Barista Mikael Jasin Bongkar Kelebihan dan Kekurangan Susu Kacang Mede untuk Kopi

Barista Mikael Jasin, yang akrab disapa Miki, baru-baru ini membagikan pengalamannya dalam mengembangkan formulasi susu kacang mede lokal untuk digunakan sebagai bahan pembuatan minuman kopi. Menurutnya, susu kacang mede memiliki profil rasa yang netral dan creamy, sehingga cocok digunakan sebagai alternatif susu sapi dalam pembuatan kopi.

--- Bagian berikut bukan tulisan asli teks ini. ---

text \<open>A seller of cost \<open>0\<close> makes the total payment grow at least linearly in the rate,
  so the stopping rate exists and is the unique root.\<close>
lemma stopping_rate_fLog:
  assumes S: "finite S" "i \<in> S" and u: "\<forall>j\<in>S. 0 < u j" and c: "\<forall>j\<in>S. 0 \<le> c j"
    and ci: "c i = 0" and B: "0 < B"
  shows "0 < stopping_rate fLog S u c B \<and> ef_total fLog S u c (stopping_rate fLog S u c B) = B"
proof -
  let ?G = "ef_total fLog S u c"
  define U where "U = (\<Sum>j\<in>S. u j)"
  have ui: "0 < u i"
    using u S by simp
  have Ui: "u i \<le> U"
    unfolding U_def using S u by (intro member_le_sum) (auto simp: less_imp_le)
  have G_lower: "u i * r \<le> ?G r" if "0 < r" for r
    using ef_total_remove_zero_cost[of S i c, OF S ci that] ef_total_fLog_bounds(1)[of "S - {i}" u c r] u c that
    by simp
  have G_strict: "?G r < ?G r'" if "0 < r" "r < r'" for r r'
  proof -
    have "u i * r < u i * r'"
      using ui that by simp
    then show ?thesis
      using ef_total_remove_zero_cost[of S i c, OF S ci] ef_total_fLog_mono[of "S - {i}" u c r r'] u c that
      by simp
  qed
  define a where "a = B / (2 * U)"
  define b where "b = 2 * B / u i"
  have a: "0 < a"
    using B ui Ui by (simp add: a_def)
  have ab: "a \<le> b"
    unfolding a_def b_def using B ui Ui by (simp add: frac_le)
  have "?G a \<le> a * U"
    using ef_total_fLog_bounds(2)[OF u c a] by (simp add: U_def)
  also have "\<dots> \<le> B"
    using B ui Ui by (simp add: a_def)
  finally have "?G a \<le> B" .
  moreover have "B \<le> ?G b"
    using G_lower[of b] a ab ui B by (simp add: b_def)
  ultimately obtain r where r: "a \<le> r" "?G r = B"
    using IVT'[OF _ _ ab continuous_on_ef_total_fLog[OF a u c]] by blast
  then have "stopping_rate fLog S u c B = r"
    using a G_strict by (intro stopping_rate_eqI) auto
  then show ?thesis
    using r a by simp
qed

lemma truthful_rate_fLog:
  assumes "finite S" "i \<in> S" "\<forall>j\<in>S. 0 < u j" "\<forall>j\<in>S. 0 \<le> c j" "0 < B"
  shows "0 < truthful_rate fLog S u c B i \<and>
    ef_total fLog S u (c(i := 0)) (truthful_rate fLog S u c B i) = B"
  unfolding truthful_rate_def using assms by (intro stopping_rate_fLog) auto

text \<open>Setting the cost of seller \<open>k\<close> to \<open>0\<close> raises its payment from \<open>u\<^sub>k r Q\<^sub>1(x\<^sub>k/r)\<close> to \<open>u\<^sub>k r\<close>,
  and \<open>1 - Q\<^sub>1(t) \<le> e t\<close>.\<close>
lemma ef_total_fLog_update_zero_le:
  assumes S: "finite S" "k \<in> S" and u: "\<forall>j\<in>S. 0 < u j" and c: "\<forall>j\<in>S. 0 \<le> c j" and r: "0 < r"
  shows "ef_total fLog S u (c(k := 0)) r \<le> ef_total fLog S u c r + exp 1 * c k"
proof -
  define x where "x = c k / u k"
  have x: "0 \<le> x" "u k * x = c k"
    using S u c by (auto simp: x_def)
  have rest: "ef_total fLog (S - {k}) u (c(k := 0)) r = ef_total fLog (S - {k}) u c r"
    by (simp add: ef_total_def)
  have "u k * r * (1 - Q_log (x / r)) \<le> u k * r * (exp 1 * (x / r))"
    using one_minus_Q_log_le[of "x / r"] x r S u by (intro mult_left_mono) auto
  also have "\<dots> = exp 1 * c k"
    using r x by (simp add: field_simps)
  finally have "u k * r \<le> u k * (r * Q_log (x / r)) + exp 1 * c k"
    by (simp add: algebra_simps)
  moreover have "ef_total fLog S u (c(k := 0)) r = u k * r + ef_total fLog (S - {k}) u c r"
    using ef_total_remove_zero_cost[of S k "c(k := 0)", OF S _ r] rest by simp
  moreover have "ef_total fLog S u c r = u k * (r * Q_log (x / r)) + ef_total fLog (S - {k}) u c r"
    using S x r by (simp add: ef_total_def sum.remove P_rate_def Q_rate_fLog x_def)
  ultimately show ?thesis
    by simp
qed

lemma fractional_utility_le_utility_at_rate:
  assumes S: "finite S" and u: "\<forall>j\<in>S. 0 < u j" and c: "\<forall>j\<in>S. 0 \<le> c j"
    and R: "0 < R" and B: "0 < B" and D: "0 \<le> D"
    and payment: "B \<le> ef_total fLog S u c R + exp 1 * D"
    and \<alpha>: "\<forall>j\<in>S. 0 \<le> \<alpha> j \<and> \<alpha> j \<le> 1" and budget: "(\<Sum>j\<in>S. c j * \<alpha> j) \<le> B"
  shows "(1 - 1 / exp 1) * (1 - exp 1 * (D / B)) * (\<Sum>j\<in>S. u j * \<alpha> j)
    \<le> (\<Sum>j\<in>S. u j * f_rate fLog R (c j / u j))"
proof -
  define x where "x j = c j / u j" for j
  have x: "0 \<le> x j" "u j * x j = c j" if "j \<in> S" for j
    using that u c by (auto simp: x_def)
  define U where "U = (\<Sum>j\<in>S. u j * \<alpha> j)"
  define A where "A = (\<Sum>j\<in>S. u j * fLog (x j / R))"
  define E where "E = ef_total fLog S u c R"
  have U: "0 \<le> U"
    unfolding U_def using u \<alpha> by (intro sum_nonneg) auto
  have A: "0 \<le> A"
    unfolding A_def using u by (intro sum_nonneg mult_nonneg_nonneg) (auto simp: fLog_nonneg)
  have E_eq: "E = (\<Sum>j\<in>S. u j * (R * Q_log (x j / R)))"
    unfolding E_def ef_total_def P_rate_def x_def using u c R by (intro sum.cong) (auto simp: Q_rate_fLog)
  have E_le: "E \<le> exp 1 * R * A"
  proof -
    have "u j * R * Q_log (x j / R) \<le> u j * R * (exp 1 * fLog (x j / R))" if "j \<in> S" for j
      using that x u R by (intro mult_left_mono Q_log_le_exp_fLog) auto
    then have "E \<le> (\<Sum>j\<in>S. exp 1 * R * (u j * fLog (x j / R)))"
      unfolding E_eq by (intro sum_mono) (simp add: algebra_simps)
    then show ?thesis
      by (simp add: A_def sum_distrib_left)
  qed
  have "(1 - 1 / exp 1) * U = (\<Sum>j\<in>S. u j * ((1 - 1 / exp 1) * \<alpha> j))"
    unfolding U_def by (simp add: sum_distrib_left algebra_simps)
  also have "\<dots> \<le> (\<Sum>j\<in>S. u j * (fLog (x j / R) + (\<alpha> j * (x j / R) - Q_log (x j / R)) / exp 1))"
    using u \<alpha> x R by (intro sum_mono mult_left_mono fraction_le_fLog_plus_slack) auto
  also have "\<dots> = (\<Sum>j\<in>S. u j * fLog (x j / R) + c j * \<alpha> j / (exp 1 * R)
      - u j * (R * Q_log (x j / R)) / (exp 1 * R))"
    using x(2)[symmetric] R by (intro sum.cong) (auto simp: field_simps)
  also have "\<dots> = A + ((\<Sum>j\<in>S. c j * \<alpha> j) - E) / (exp 1 * R)"
    unfolding A_def E_eq by (simp add: sum.distrib sum_subtractf sum_divide_distrib diff_divide_distrib)
  also have "\<dots> \<le> A + exp 1 * D / (exp 1 * R)"
    using budget payment R unfolding E_def by (intro add_left_mono divide_right_mono) auto
  also have "\<dots> = A + D / R"
    by simp
  finally have U_le: "(1 - 1 / exp 1) * U \<le> A + D / R" .
  define s where "s = 1 - exp 1 * (D / B)"
  have kU: "0 \<le> (1 - 1 / exp 1) * U"
    using U two_le_exp_1 by simp
  have "(1 - 1 / exp 1) * s * U \<le> A"
  proof (cases "0 \<le> s")
    case False
    then have "s * ((1 - 1 / exp 1) * U) \<le> 0"
      using kU by (intro mult_nonpos_nonneg) auto
    then show ?thesis
      using A by (simp add: mult.commute mult.left_commute)
  next
    case True
    have "B - exp 1 * D \<le> exp 1 * A * R"
      using payment E_le unfolding E_def[symmetric] by (simp add: mult.commute mult.left_commute)
    then have "(B - exp 1 * D) / R \<le> exp 1 * A"
      using R by (simp add: pos_divide_le_eq)
    then have "(B - exp 1 * D) / R * (D / B) \<le> exp 1 * A * (D / B)"
      using B D by (intro mult_right_mono) auto
    moreover have "s * (A + D / R) = s * A + (B - exp 1 * D) / R * (D / B)"
      using B R by (simp add: s_def field_simps)
    moreover have "s * ((1 - 1 / exp 1) * U) \<le> s * (A + D / R)"
      using U_le True by (intro mult_left_mono)
    ultimately have "s * ((1 - 1 / exp 1) * U) \<le> s * A + exp 1 * A * (D / B)"
      by linarith
    also have "\<dots> = A"
      by (simp add: s_def algebra_simps)
    finally show ?thesis
      by (simp add: mult.commute mult.left_commute)
  qed
  then show ?thesis
    by (simp add: s_def U_def A_def x_def f_rate_def)
qed

lemma utility_at_rate_le_truthful_utility:
  assumes "\<forall>j\<in>S. 0 < u j" "\<forall>j\<in>S. 0 \<le> c j" "0 < R" "\<forall>j\<in>S. R \<le> truthful_rate fLog S u c B j"
  shows "(\<Sum>j\<in>S. u j * f_rate fLog R (c j / u j)) \<le> truthful_utility fLog S u c B"
  unfolding truthful_utility_def using assms
  by (intro sum_mono mult_left_mono f_rate_fLog_mono) auto

lemma mult_opt_utility_le:
  assumes S: "finite S" and B: "0 \<le> B" and u: "\<forall>j\<in>S. 0 < u j" and M: "0 \<le> M"
    and bound: "\<And>\<alpha>. \<forall>j\<in>S. 0 \<le> \<alpha> j \<and> \<alpha> j \<le> 1 \<Longrightarrow> (\<Sum>j\<in>S. c j * \<alpha> j) \<le> B \<Longrightarrow>
      k * (\<Sum>j\<in>S. u j * \<alpha> j) \<le> M"
  shows "k * opt_utility S u c B \<le> M"
proof -
  define Opt where "Opt = {(\<Sum>j\<in>S. u j * \<alpha> j) | \<alpha>.
      (\<forall>j\<in>S. 0 \<le> \<alpha> j \<and> \<alpha> j \<le> 1) \<and> (\<Sum>j\<in>S. c j * \<alpha> j) \<le> B}"
  have opt: "opt_utility S u c B = Sup Opt"
    by (simp add: opt_utility_def Opt_def)
  have zero: "0 \<in> Opt"
    unfolding Opt_def using B by (intro CollectI exI[of _ "\<lambda>_. 0"]) auto
  show ?thesis
  proof (cases "0 < k")
    case True
    have "Sup Opt \<le> M / k"
      using zero bound True unfolding Opt_def
      by (intro cSup_least) (auto simp: pos_le_divide_eq mult.commute)
    then show ?thesis
      using True by (simp add: opt pos_le_divide_eq mult.commute)
  next
    case False
    have "bdd_above Opt"
    proof (rule bdd_aboveI)
      show "y \<le> (\<Sum>j\<in>S. u j)" if "y \<in> Opt" for y
        using that u unfolding Opt_def by (force intro: sum_mono simp: mult_left_le less_imp_le)
    qed
    then have "0 \<le> opt_utility S u c B"
      using zero by (simp add: opt cSup_upper)
    then show ?thesis
      using False M by (smt (verit) mult_nonpos_nonneg)
  qed
qed

lemma fractional_utility_le_truthful_utility:
  assumes S: "finite S" and B: "0 < B" and u: "\<forall>j\<in>S. 0 < u j" and c: "\<forall>j\<in>S. 0 \<le> c j"
    and \<alpha>: "\<forall>j\<in>S. 0 \<le> \<alpha> j \<and> \<alpha> j \<le> 1" and budget: "(\<Sum>j\<in>S. c j * \<alpha> j) \<le> B"
  shows "(1 - 1 / exp 1) * (1 - exp 1 * (cmax S c / B)) * (\<Sum>j\<in>S. u j * \<alpha> j)
    \<le> truthful_utility fLog S u c B"
proof (cases "S = {}")
  case True
  then show ?thesis
    by (simp add: truthful_utility_def)
next
  case False
  define r where "r = truthful_rate fLog S u c B"
  define k where "k = arg_min_on r S"
  have k: "k \<in> S" "\<forall>i\<in>S. r k \<le> r i"
    using S False by (auto simp: k_def intro: arg_min_if_finite arg_min_least)
  have rk: "0 < r k" "ef_total fLog S u (c(k := 0)) (r k) = B"
    using truthful_rate_fLog[OF S k(1) u c B] by (simp_all add: r_def)
  have ck: "0 \<le> c k" "c k \<le> cmax S c"
    using S k(1) c by (simp_all add: cmax_def)
  then have "exp 1 * c k \<le> exp 1 * cmax S c"
    by simp
  then have "B \<le> ef_total fLog S u c (r k) + exp 1 * cmax S c"
    using ef_total_fLog_update_zero_le[OF S k(1) u c rk(1)] rk(2) by linarith
  then have "(1 - 1 / exp 1) * (1 - exp 1 * (cmax S c / B)) * (\<Sum>j\<in>S. u j * \<alpha> j)
      \<le> (\<Sum>j\<in>S. u j * f_rate fLog (r k) (c j / u j))"
    using fractional_utility_le_utility_at_rate[OF S u c rk(1) B _ _ \<alpha> budget] ck by simp
  also have "\<dots> \<le> truthful_utility fLog S u c B"
    using u c rk(1) k(2) by (intro utility_at_rate_le_truthful_utility) (auto simp: r_def)
  finally show ?thesis .
qed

Miki, yang merupakan juara World Barista Championship 2024, menjelaskan bahwa saat mengembangkan susu kacang mede varian Barista untuk Arummi, ia menekankan dua elemen penting, yaitu rasa yang tidak menutupi rasa kopi dan struktur yang lebih stabil saat dipanaskan. “Karena kalau di kejuaraan, yang dinilai kan rasa dan visual, kan,” katanya.

Pengembangan Susu Kacang Mede untuk Kopi

Miki menjelaskan bahwa susu kacang mede memiliki beberapa kelebihan, seperti profil rasa yang netral dan creamy, serta kaya akan rasa tanpa overpowering. “Dia juga rich, tapi enggak nutupin rasanya kopi, atau matcha, atau cokelat,” katanya.

Saat mengembangkan susu kacang mede, Miki juga mempertimbangkan beberapa faktor, seperti tekstur dan stabilitas saat dipanaskan. “Tapi, kejuaraan itu juga refleksi dari industrinya. Tuntutan di kafe-kafe ya mesti begitu,” katanya.

Variasi Susu Kacang Mede untuk Kopi

Miki juga menjelaskan bahwa ada beberapa variasi susu kacang mede yang dapat digunakan untuk kopi, seperti varian Barista, Klasik, dan cokelat. Varian Barista memiliki profil rasa yang netral dan cocok digunakan untuk latte art, sedangkan varian Klasik memiliki rasa yang lebih ringan dan cocok digunakan untuk minuman kopi yang lebih manis dan dingin.

Varian cokelat, menurut Miki, sangat cocok digunakan untuk membuat rasa mocca. “Jadi, kalau enggak terlalu suka ngopi, pengen ada rasa lainnya juga, pakai cokelat, enggak perlu dicampur apa-apa lagi,” katanya.

Mengapa Susu Kacang Mede Populer?

Miki menjelaskan bahwa salah satu faktor pendorong peningkatan minat konsumen Indonesia pada susu nabati adalah kesukaan orang Indonesia mencoba rasa baru. “Kalau di negara lain mungkin switch ke nabati karena memang ada alergen pada dasarnya. Kadang-kadang ada orang yang lactose intolerance, tapi juga alergi kacang,” katanya.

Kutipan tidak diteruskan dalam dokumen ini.